Und obwohl er einen wechselseitigen Einfluss zwischen Bassiani und ihm attestiert, meint Jikia, dass er sich als Produzent ohne den Club ähnlich entwickelt hätte: „Ich würde in die gleiche Richtung Musik machen, die ich jetzt auch verfolge.” Seine wichtigste musikalische Inspiration ist eine andere: Seine Hardware. Als Jikia zu produzieren begann, gab es keine Läden für „Instrumente” (so nennt er es) elektronischer Musik. „Ich musste alles online bestellen. Also hatte ich, abgesehen von Demos oder Videos, keine Ahnung, was ein Gerät machen würde und musste alles selber herausfinden”, erzählt er. Der Kommissar Zufall, der vielen Produzent*innen lediglich bei ihren ersten Releases kreativ in die Hände spielt, schritt bei ihm also mit jedem neuen Gerät durch die Tür. Bis heute hat er keines verkauft. So kommt er manchmal auch auf frühere Fehlkäufe zurück, denen er auf einmal etwas Neues abgewinnen kann.

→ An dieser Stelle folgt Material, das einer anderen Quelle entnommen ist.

(* Let $R$ be an Artinian ring, with notation as in the context. Let $h_1\colon R^m\to R^n$ and $h_2\colon R^n\to R^\ell$ be column-adapted $R$-linear maps. Then $h_2\circ h_1\colon R^m\to R^\ell$ is column-adapted.
   Context: Let $R$ be an Artinian ring, $J(R)$ its Jacobson radical, $\overline R=R/J(R)$, and $\bar x$ (resp. $\bar A$) the image of an element (resp. entrywise image of a matrix). $\overline R$ is semisimple, $\overline R\cong \mathrm{Mat}_{\mu_1}(\mathbb D_1)\times\cdots\times\mathrm{Mat}_{\mu_q}(\mathbb D_q)$ with division rings $\mathbb D_k$; put $\mu=\mu_1+\cdots+\mu_q$. Fix orthogonal idempotents $e^k_i\in R$ ($1\le k\le q$, $1\le i\le\mu_k$) with $\sum_{k,i}e^k_i=1$ lifting the orthogonal idempotents $\bar e^k_i$ of $\overline R$ given by the diagonal matrix units of this decomposition (so $e^k_iR\cong e^{k'}_{i'}R$ iff $k=k'$). Let $\mathbb L_{hk}=e^h_1Re^k_1$; then $\overline{\mathbb L_{kk}}=\mathbb D_k$ and $\overline{\mathbb L_{hk}}=0$ for $h\ne k$. The Peirce decomposition $R\cong\mathrm{End}(R_R)=\bigoplus\mathrm{Hom}(e^k_jR,e^h_iR)$, with the isomorphisms $e^h_iR\cong e^h_1R$, gives an injective ring homomorphism (the Artin–Wedderburn embedding) $\Phi\colon R\to\mathrm{Mat}_\mu(R)$, $x\mapsto(\Phi_{hk}(x))_{h,k=1}^q$ a $q\times q$ block matrix with $\Phi_{hk}(x)\in\mathrm{Mat}_{\mu_h,\mu_k}(\mathbb L_{hk})$; its reduction $\overline\Phi\colon\overline R\to\mathrm{Mat}_\mu(\overline R)$ sends $\bar x$ to the block-diagonal matrix whose $k$-th block is the $\mathrm{Mat}_{\mu_k}(\mathbb D_k)$-component of $\bar x$. Vectors $R^n$ are columns (right $R$-modules); an $R$-linear $h\colon R^m\to R^n$ is an $n\times m$ matrix, and $\Phi(h)\in\mathrm{Mat}_{\mu n,\mu m}(R)$ is obtained by replacing each entry $x$ by $\Phi(x)$; similarly $\overline\Phi(\bar h)$. Distinguished basis: for $1\le k\le q$, $1\le a\le m$, $1\le r\le\mu_k$, let $\vec v(k)_{(a-1)\mu_k+r}$ be the standard basis vector of $R^{\mu m}$ of index $(a-1)\mu+\mu_1+\cdots+\mu_{k-1}+r$; define $\vec w(k)_i$ ($1\le i\le\mu_kn$) in $R^{\mu n}$ in the same way, bars denoting images in $\overline R^{\mu m},\overline R^{\mu n}$. Then $\overline\Phi(\bar h)(\overline{\vec v(k)_j})\in\bigoplus_{i=1}^{\mu_kn}\overline{\vec w(k)_i}\cdot\mathbb D_k$. For surjective $h$ and each $k$, $\mathfrak S(h,k)$ is the smallest, in the lexicographic order on increasingly sorted sequences, subset $S\subset\{1,\dots,\mu_km\}$ such that $\{\overline\Phi(\bar h)(\overline{\vec v(k)_j}):j\in S\}$ is a basis of the right $\mathbb D_k$-module $\bigoplus_{i=1}^{\mu_kn}\overline{\vec w(k)_i}\cdot\mathbb D_k$ (it has $\mu_kn$ elements). A surjective $R$-linear $h\colon R^m\to R^n$ is column-adapted if (i) for every $k$, writing $\mathfrak S(h,k)=\{j_1<\cdots<j_{\mu_kn}\}$, $\overline\Phi(\bar h)(\overline{\vec v(k)_{j_i}})=\overline{\vec w(k)_i}$ for all $i$, and (ii) $\Phi(h)(\vec v(k)_{j_i})=\vec w(k)_i$ for all $k$ and $1\le i\le\mu_kn$. *)

theory Defs
  imports Main
begin

(* All indices are 0-based: blocks k < q, positions i < mu k inside block k.
   The paper's e^k_i (1-based) is  e k (i-1);  e^k_1 is  e k 0. *)

definition right_ideal :: "'a::ring_1 set \<Rightarrow> bool" where
  "right_ideal I \<longleftrightarrow> 0 \<in> I \<and> (\<forall>x\<in>I. \<forall>y\<in>I. x + y \<in> I) \<and> (\<forall>x\<in>I. - x \<in> I)
     \<and> (\<forall>x\<in>I. \<forall>r. x * r \<in> I)"

definition right_artinian :: "'a::ring_1 itself \<Rightarrow> bool" where
  "right_artinian _ \<longleftrightarrow>
     \<not> (\<exists>f :: nat \<Rightarrow> 'a set. (\<forall>i. right_ideal (f i)) \<and> (\<forall>i. f (Suc i) \<subset> f i))"

definition maximal_right_ideal :: "'a::ring_1 set \<Rightarrow> bool" where
  "maximal_right_ideal M \<longleftrightarrow> right_ideal M \<and> M \<noteq> UNIV \<and>
     (\<forall>I. right_ideal I \<and> M \<subseteq> I \<longrightarrow> I = M \<or> I = UNIV)"

text \<open>Jacobson radical: intersection of all maximal right ideals.
  Elements of R/J(R) are represented by elements of R; x-bar = y-bar iff x - y : J.\<close>
definition jacobson_radical :: "'a::ring_1 set" where
  "jacobson_radical = \<Inter> {M. maximal_right_ideal M}"

definition blk_off :: "(nat \<Rightarrow> nat) \<Rightarrow> nat \<Rightarrow> nat" where
  "blk_off mu k = (\<Sum>k'<k. mu k')"

definition mu_total :: "nat \<Rightarrow> (nat \<Rightarrow> nat) \<Rightarrow> nat" where
  "mu_total q mu = (\<Sum>k<q. mu k)"

text \<open>Standing assumptions:
  e k i (k<q, i<mu k) orthogonal idempotents of R summing to 1, lifting the diagonal
  matrix units eps k i i of a decomposition R/J = prod_k Mat_{mu k}(D_k), D_k division rings
  (given by a full system of matrix units eps of R/J with division-ring corners
  D_k = eps k 0 0 (R/J) eps k 0 0);
  u h i : e^h_i R -> e^h_1 R and v h i its inverse, i.e. chosen isomorphisms
  e^h_i R ~ e^h_1 R given by left multiplication by u h i in e^h_1 R e^h_i, v h i in e^h_i R e^h_1.\<close>
definition AW_setup ::
  "nat \<Rightarrow> (nat \<Rightarrow> nat) \<Rightarrow> (nat \<Rightarrow> nat \<Rightarrow> 'a::ring_1) \<Rightarrow> (nat \<Rightarrow> nat \<Rightarrow> 'a) \<Rightarrow> (nat \<Rightarrow> nat \<Rightarrow> 'a) \<Rightarrow> bool"
where
  "AW_setup q mu e u v \<longleftrightarrow>
    (\<forall>k<q. 0 < mu k) \<and>
    (\<forall>k<q. \<forall>i<mu k. e k i * e k i = e k i) \<and>
    (\<forall>k<q. \<forall>i<mu k. \<forall>k'<q. \<forall>i'<mu k'. (k, i) \<noteq> (k', i') \<longrightarrow> e k i * e k' i' = 0) \<and>
    (\<Sum>k<q. \<Sum>i<mu k. e k i) = 1 \<and>
    (\<exists>eps :: nat \<Rightarrow> nat \<Rightarrow> nat \<Rightarrow> 'a.
       (\<forall>k<q. \<forall>i<mu k. \<forall>j<mu k. \<forall>k'<q. \<forall>i'<mu k'. \<forall>j'<mu k'.
          eps k i j * eps k' i' j' - (if k = k' \<and> j = i' then eps k i j' else 0) \<in> jacobson_radical) \<and>
       (\<forall>k<q. \<forall>i<mu k. eps k i i - e k i \<in> jacobson_radical) \<and>
       (\<forall>k<q. eps k 0 0 \<notin> jacobson_radical \<and>
          (\<forall>x. eps k 0 0 * x * eps k 0 0 \<notin> jacobson_radical \<longrightarrow>
             (\<exists>y. eps k 0 0 * x * eps k 0 0 * (eps k 0 0 * y * eps k 0 0) - eps k 0 0 \<in> jacobson_radical \<and>
                  eps k 0 0 * y * eps k 0 0 * (eps k 0 0 * x * eps k 0 0) - eps k 0 0 \<in> jacobson_radical)))) \<and>
    (\<forall>h<q. \<forall>i<mu h.
       u h i = e h 0 * u h i * e h i \<and> v h i = e h i * v h i * e h 0 \<and>
       u h i * v h i = e h 0 \<and> v h i * u h i = e h i)"

text \<open>The Artin--Wedderburn embedding Phi : R -> Mat_mu(R); entry at (off h + i, off k + j)
  is u h i * x * v k j, an element of L_{hk} = e^h_1 R e^k_1.\<close>
definition AW_phi ::
  "nat \<Rightarrow> (nat \<Rightarrow> nat) \<Rightarrow> (nat \<Rightarrow> nat \<Rightarrow> 'a::ring_1) \<Rightarrow> (nat \<Rightarrow> nat \<Rightarrow> 'a) \<Rightarrow> 'a \<Rightarrow> nat \<Rightarrow> nat \<Rightarrow> 'a"
where
  "AW_phi q mu u v x a b =
     (\<Sum>h<q. \<Sum>i<mu h. \<Sum>k<q. \<Sum>j<mu k.
        if a = blk_off mu h + i \<and> b = blk_off mu k + j then u h i * x * v k j else 0)"

text \<open>Phi applied entrywise to a matrix H (rows alpha, columns beta): a (mu n) x (mu m) matrix.\<close>
definition AW_phi_mat ::
  "nat \<Rightarrow> (nat \<Rightarrow> nat) \<Rightarrow> (nat \<Rightarrow> nat \<Rightarrow> 'a::ring_1) \<Rightarrow> (nat \<Rightarrow> nat \<Rightarrow> 'a) \<Rightarrow>
   (nat \<Rightarrow> nat \<Rightarrow> 'a) \<Rightarrow> nat \<Rightarrow> nat \<Rightarrow> 'a"
where
  "AW_phi_mat q mu u v H p s =
     AW_phi q mu u v (H (p div mu_total q mu) (s div mu_total q mu))
       (p mod mu_total q mu) (s mod mu_total q mu)"

text \<open>Distinguished basis: (0-based) j-th vector of block k, j < mu k * m,
  is the standard basis vector of index (j div mu k) * mu + off k + (j mod mu k).\<close>
definition dist_idx :: "nat \<Rightarrow> (nat \<Rightarrow> nat) \<Rightarrow> nat \<Rightarrow> nat \<Rightarrow> nat" where
  "dist_idx q mu k j = (j div mu k) * mu_total q mu + blk_off mu k + j mod mu k"

text \<open>An R-linear map R^m -> R^n as an n x m matrix; surjectivity.\<close>
definition lin_surj :: "nat \<Rightarrow> nat \<Rightarrow> (nat \<Rightarrow> nat \<Rightarrow> 'a::ring_1) \<Rightarrow> bool" where
  "lin_surj m n H \<longleftrightarrow> (\<forall>y :: nat \<Rightarrow> 'a. \<exists>x. \<forall>a<n. (\<Sum>b<m. H a b * x b) = y a)"

text \<open>Composition H2 o H1 of H1 : R^m -> R^n and H2 : R^n -> R^l (matrix product).\<close>
definition mat_comp :: "nat \<Rightarrow> (nat \<Rightarrow> nat \<Rightarrow> 'a::ring_1) \<Rightarrow> (nat \<Rightarrow> nat \<Rightarrow> 'a) \<Rightarrow> nat \<Rightarrow> nat \<Rightarrow> 'a" where
  "mat_comp n H2 H1 = (\<lambda>c b. \<Sum>a<n. H2 c a * H1 a b)"

text \<open>The corner L_kk = e^k_1 R e^k_1; D_k is its image in R/J.\<close>
definition corner :: "(nat \<Rightarrow> nat \<Rightarrow> 'a::ring_1) \<Rightarrow> nat \<Rightarrow> 'a set" where
  "corner e k = {e k 0 * x * e k 0 | x. True}"

text \<open>{Phi-bar(H-bar)(v-bar(k)_j) : j in S} is a basis (as an indexed family) of the right
  D_k-module (+)_{i} w-bar(k)_i D_k inside (R/J)^{mu n}.\<close>
definition is_basis_set ::
  "nat \<Rightarrow> (nat \<Rightarrow> nat) \<Rightarrow> (nat \<Rightarrow> nat \<Rightarrow> 'a::ring_1) \<Rightarrow> (nat \<Rightarrow> nat \<Rightarrow> 'a) \<Rightarrow> (nat \<Rightarrow> nat \<Rightarrow> 'a) \<Rightarrow>
   nat \<Rightarrow> nat \<Rightarrow> (nat \<Rightarrow> nat \<Rightarrow> 'a) \<Rightarrow> nat \<Rightarrow> nat set \<Rightarrow> bool"
where
  "is_basis_set q mu e u v m n H k S \<longleftrightarrow>
     S \<subseteq> {..<mu k * m} \<and>
     (\<forall>c. (\<forall>j\<in>S. c j \<in> corner e k) \<and>
          (\<forall>p<mu_total q mu * n.
             (\<Sum>j\<in>S. AW_phi_mat q mu u v H p (dist_idx q mu k j) * c j) \<in> jacobson_radical)
        \<longrightarrow> (\<forall>j\<in>S. c j \<in> jacobson_radical)) \<and>
     (\<forall>d. (\<forall>i<mu k * n. d i \<in> corner e k) \<longrightarrow>
        (\<exists>c. (\<forall>j\<in>S. c j \<in> corner e k) \<and>
          (\<forall>p<mu_total q mu * n.
             (\<Sum>j\<in>S. AW_phi_mat q mu u v H p (dist_idx q mu k j) * c j)
             - (\<Sum>i<mu k * n. if p = dist_idx q mu k i then d i else 0) \<in> jacobson_radical)))"

definition frakS ::
  "nat \<Rightarrow> (nat \<Rightarrow> nat) \<Rightarrow> (nat \<Rightarrow> nat \<Rightarrow> 'a::ring_1) \<Rightarrow> (nat \<Rightarrow> nat \<Rightarrow> 'a) \<Rightarrow> (nat \<Rightarrow> nat \<Rightarrow> 'a) \<Rightarrow>
   nat \<Rightarrow> nat \<Rightarrow> (nat \<Rightarrow> nat \<Rightarrow> 'a) \<Rightarrow> nat \<Rightarrow> nat set \<Rightarrow> bool"
where
  "frakS q mu e u v m n H k S \<longleftrightarrow>
     is_basis_set q mu e u v m n H k S \<and>
     (\<forall>S'. is_basis_set q mu e u v m n H k S' \<longrightarrow>
        S = S' \<or> (sorted_list_of_set S, sorted_list_of_set S') \<in> lexord {(a, b). a < b})"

Stream: HVL – „Sallow Myth”
So sehr er sich auf den Zufall verlässt, so spontan ist Jikias Produktionsprozess: „Ich habe keine Routine. Ich mache einfach Musik, wenn mir danach ist”, sagt er. Eine Aufnahme, und der Track muss im Kasten sein; das sei gerade das Interessante daran. So unbekümmert wie das klingt, sieht Jikia es auch: „Ich stresse mich da nicht wirklich. Ich mache es einfach zu meinem Vergnügen”. Vielleicht ist das der Schlüssel zu seiner Produktivität. Die Residency im Bassiani nimmt ihm zudem finanziell den Druck raus. Jikia findet sich also in einer ziemlich komfortablen Situation wieder. Genauso, wie er es erhofft hatte, als er sich gegen ein Leben in Deutschland entschied und dafür, am Aufbau der Clubszene in Tbilisi mitzuwirken. Überlegt Jikia, mit zunehmendem Erfolg nach Europa zu gehen? Denkt er dass seine Aufgabe in Georgien jemals erledigt sein könnte? „Ich glaube nicht”, antwortet er, und schiebt ein Lachen hinterher. Da bröckelt die schüchterne Fassade endlich.